(* For every graph $G$ there exists a graph $H$ such that $|H|=|G|+1$, $G$ is an induced subgraph of $H$, and $\alpha_{\mathrm{od}}(H)=\alpha(H)=\alpha(G)+1$.
   Context: An odd independent set in $G=(V,E)$ is an independent set $S$ such that every $v\in V\setminus S$ has either no neighbor or an odd number of neighbors in $S$; $\alpha_{\mathrm{od}}(G)$ is its maximum size; $\alpha$ is the independence number; $|G|$ is the number of vertices. *)

theory Defs
  imports Main
begin

definition graph :: "'a set \<Rightarrow> ('a \<times> 'a) set \<Rightarrow> bool" where
  "graph V E \<longleftrightarrow> finite V \<and> E \<subseteq> V \<times> V \<and> sym E \<and> irrefl E"

definition indep_set :: "'a set \<Rightarrow> ('a \<times> 'a) set \<Rightarrow> 'a set \<Rightarrow> bool" where
  "indep_set V E S \<longleftrightarrow> S \<subseteq> V \<and> (\<forall>u\<in>S. \<forall>v\<in>S. (u, v) \<notin> E)"

definition odd_indep_set :: "'a set \<Rightarrow> ('a \<times> 'a) set \<Rightarrow> 'a set \<Rightarrow> bool" where
  "odd_indep_set V E S \<longleftrightarrow> indep_set V E S \<and>
     (\<forall>v\<in>V - S. card {u\<in>S. (v, u) \<in> E} = 0 \<or> odd (card {u\<in>S. (v, u) \<in> E}))"

definition alpha :: "'a set \<Rightarrow> ('a \<times> 'a) set \<Rightarrow> nat" where
  "alpha V E = Max (card ` {S. indep_set V E S})"

definition alpha_od :: "'a set \<Rightarrow> ('a \<times> 'a) set \<Rightarrow> nat" where
  "alpha_od V E = Max (card ` {S. odd_indep_set V E S})"

definition induced_subgraph_of ::
  "'a set \<Rightarrow> ('a \<times> 'a) set \<Rightarrow> 'b set \<Rightarrow> ('b \<times> 'b) set \<Rightarrow> bool" where
  "induced_subgraph_of V E W F \<longleftrightarrow>
     (\<exists>f. inj_on f V \<and> f ` V \<subseteq> W \<and>
          (\<forall>u\<in>V. \<forall>v\<in>V. ((u, v) \<in> E \<longleftrightarrow> (f u, f v) \<in> F)))"

end

theory Submission
  imports Defs
begin

text \<open>Extend G by a new vertex adjacent exactly to those vertices outside a maximum
  independent set I that have an even number of neighbours in I. Then I together with
  the new vertex is independent, and every other vertex sees an odd number of its
  elements: its odd count in I, or its even count in I plus the new vertex. Since the
  new vertex raises the independence number by at most one, this set is a maximum
  independent set and a maximum odd independent set of the extension.\<close>

lemma Max_card_eqI:
  assumes "\<And>S. P S \<Longrightarrow> card S \<le> n" and "P S\<^sub>0" and "card S\<^sub>0 = n"
  shows "Max (card ` {S. P S}) = n"
proof -
  have "card ` {S. P S} \<subseteq> {..n}"
    using assms(1) by auto
  then have "finite (card ` {S. P S})"
    by (rule finite_subset) simp
  then show ?thesis
    using assms by (intro Max_eqI) auto
qed

lemma finite_indep_sets:
  assumes "finite V"
  shows "finite {S. indep_set V E S}"
proof (rule finite_subset)
  show "{S. indep_set V E S} \<subseteq> Pow V"
    by (auto simp: indep_set_def)
qed (simp add: assms)

lemma finite_indep_set:
  assumes "finite V" and "indep_set V E S"
  shows "finite S"
  using assms finite_subset[of S V] by (simp add: indep_set_def)

lemma card_le_alpha:
  assumes "finite V" and "indep_set V E S"
  shows "card S \<le> alpha V E"
  unfolding alpha_def using assms(2)
  by (intro Max_ge finite_imageI finite_indep_sets assms(1)) auto

lemma alpha_attained:
  assumes "finite V"
  obtains I where "indep_set V E I" and "card I = alpha V E"
proof -
  have "alpha V E \<in> card ` {S. indep_set V E S}"
    unfolding alpha_def
    by (intro Max_in finite_imageI finite_indep_sets assms) (auto simp: indep_set_def)
  then show ?thesis
    using that by auto
qed

definition apex_edges :: "('a \<times> 'a) set \<Rightarrow> 'a set \<Rightarrow> ('a option \<times> 'a option) set" where
  "apex_edges E B =
     map_prod Some Some ` E \<union> (\<lambda>v. (None, Some v)) ` B \<union> (\<lambda>v. (Some v, None)) ` B"

lemma apex_edges_simps [simp]:
  "(Some u, Some v) \<in> apex_edges E B \<longleftrightarrow> (u, v) \<in> E"
  "(None, Some v) \<in> apex_edges E B \<longleftrightarrow> v \<in> B"
  "(Some v, None) \<in> apex_edges E B \<longleftrightarrow> v \<in> B"
  "(None, None) \<notin> apex_edges E B"
  by (auto simp: apex_edges_def)

lemma graph_apex:
  assumes "graph V E" and "B \<subseteq> V"
  shows "graph (insert None (Some ` V)) (apex_edges E B)"
  unfolding graph_def
proof (intro conjI)
  show "finite (insert None (Some ` V))"
    using assms(1) by (simp add: graph_def)
  show "apex_edges E B \<subseteq> insert None (Some ` V) \<times> insert None (Some ` V)"
    using assms by (auto simp: graph_def apex_edges_def)
  show "sym (apex_edges E B)"
  proof (rule symI)
    fix x y
    assume "(x, y) \<in> apex_edges E B"
    then show "(y, x) \<in> apex_edges E B"
      using assms(1) by (cases x; cases y) (auto simp: graph_def dest: symD)
  qed
  show "irrefl (apex_edges E B)"
  proof (rule irreflI)
    fix x
    show "(x, x) \<notin> apex_edges E B"
      using assms(1) by (cases x) (auto simp: graph_def irrefl_def)
  qed
qed

lemma induced_subgraph_apex:
  "induced_subgraph_of V E (insert None (Some ` V)) (apex_edges E B)"
  unfolding induced_subgraph_of_def by (intro exI[of _ Some]) auto

lemma card_indep_set_apex_le:
  assumes "finite V" and "indep_set (insert None (Some ` V)) (apex_edges E B) T"
  shows "card T \<le> alpha V E + 1"
proof -
  define S where "S = {v. Some v \<in> T}"
  have "indep_set V E S"
    unfolding indep_set_def
  proof (intro conjI ballI)
    show "S \<subseteq> V"
      using assms(2) by (auto simp: S_def indep_set_def)
    fix u v
    assume "u \<in> S" and "v \<in> S"
    then have "(Some u, Some v) \<notin> apex_edges E B"
      using assms(2) unfolding S_def indep_set_def by blast
    then show "(u, v) \<notin> E"
      by simp
  qed
  then have "finite S" and "card S \<le> alpha V E"
    using assms(1) by (simp_all add: finite_indep_set card_le_alpha)
  have "T \<subseteq> insert None (Some ` S)"
  proof
    fix x
    assume "x \<in> T"
    then show "x \<in> insert None (Some ` S)"
      by (cases x) (auto simp: S_def)
  qed
  then have "card T \<le> card (insert None (Some ` S))"
    using \<open>finite S\<close> by (intro card_mono) auto
  also have "\<dots> = card S + 1"
    using \<open>finite S\<close> by (simp add: card_image)
  finally show ?thesis
    using \<open>card S \<le> alpha V E\<close> by linarith
qed

lemma indep_set_apex_insert_None:
  assumes "indep_set V E I" and "I \<inter> B = {}"
  shows "indep_set (insert None (Some ` V)) (apex_edges E B) (insert None (Some ` I))"
  using assms by (auto simp: indep_set_def)

definition even_neighbours :: "'a set \<Rightarrow> ('a \<times> 'a) set \<Rightarrow> 'a set \<Rightarrow> 'a set" where
  "even_neighbours V E I = {v \<in> V - I. even (card {u \<in> I. (v, u) \<in> E})}"

lemma odd_indep_set_apex_even_neighbours:
  assumes "finite V" and "indep_set V E I"
  shows "odd_indep_set (insert None (Some ` V)) (apex_edges E (even_neighbours V E I))
           (insert None (Some ` I))"
    (is "odd_indep_set ?W ?F ?J")
  unfolding odd_indep_set_def
proof (intro conjI ballI)
  show "indep_set ?W ?F ?J"
    using assms(2) by (intro indep_set_apex_insert_None) (auto simp: even_neighbours_def)
  have "finite I"
    using assms by (rule finite_indep_set)
  fix w
  assume "w \<in> ?W - ?J"
  then obtain v where w: "w = Some v" and v: "v \<in> V - I"
    by auto
  define c where "c = card {u \<in> I. (v, u) \<in> E}"
  have "{u \<in> ?J. (w, u) \<in> ?F} =
          Some ` {u \<in> I. (v, u) \<in> E} \<union> (if even c then {None} else {})"
    using w v by (auto simp: even_neighbours_def c_def)
  then have "card {u \<in> ?J. (w, u) \<in> ?F} = (if even c then c + 1 else c)"
    using \<open>finite I\<close> by (auto simp: card_image c_def)
  then show "card {u \<in> ?J. (w, u) \<in> ?F} = 0 \<or> odd (card {u \<in> ?J. (w, u) \<in> ?F})"
    by auto
qed

theorem proposition17:
  fixes V :: "'a set" and E :: "('a \<times> 'a) set"
  assumes "graph V E"
  shows "\<exists>(W :: 'a option set) F. graph W F \<and> card W = card V + 1 \<and>
           induced_subgraph_of V E W F \<and>
           alpha_od W F = alpha W F \<and> alpha W F = alpha V E + 1"
proof -
  have "finite V"
    using assms by (simp add: graph_def)
  then obtain I where I: "indep_set V E I" "card I = alpha V E"
    by (rule alpha_attained)
  define W where "W = insert None (Some ` V)"
  define F where "F = apex_edges E (even_neighbours V E I)"
  define J where "J = insert None (Some ` I)"
  have odd_J: "odd_indep_set W F J"
    unfolding W_def F_def J_def
    using \<open>finite V\<close> I(1) by (rule odd_indep_set_apex_even_neighbours)
  have card_J: "card J = alpha V E + 1"
    using I finite_indep_set[OF \<open>finite V\<close>] by (simp add: J_def card_image)
  have bound: "card T \<le> alpha V E + 1" if "indep_set W F T" for T
    using card_indep_set_apex_le \<open>finite V\<close> that unfolding W_def F_def by blast
  have "alpha W F = alpha V E + 1"
    unfolding alpha_def[of W F] using bound odd_J card_J
    by (intro Max_card_eqI) (auto simp: odd_indep_set_def)
  moreover have "alpha_od W F = alpha V E + 1"
    unfolding alpha_od_def[of W F] using bound odd_J card_J
    by (intro Max_card_eqI) (auto simp: odd_indep_set_def)
  moreover have "graph W F"
    unfolding W_def F_def using assms by (rule graph_apex) (auto simp: even_neighbours_def)
  moreover have "card W = card V + 1"
    using \<open>finite V\<close> by (simp add: W_def card_image)
  moreover have "induced_subgraph_of V E W F"
    unfolding W_def F_def by (rule induced_subgraph_apex)
  ultimately show ?thesis
    by (intro exI[of _ W] exI[of _ F]) simp
qed

end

◇ ◇ ◇ ◇ ◇ ◇ ◇

◆ WHAT IS REQUIRED: Take every line above that includes the string "proof" and return it.

◆ TASK ANSWER:
proof -
proof (rule finite_subset)
proof -
proof (intro conjI)
  proof (rule symI)
  proof (rule irreflI)
proof -
  proof (intro conjI ballI)
  proof
proof (intro conjI ballI)
proof -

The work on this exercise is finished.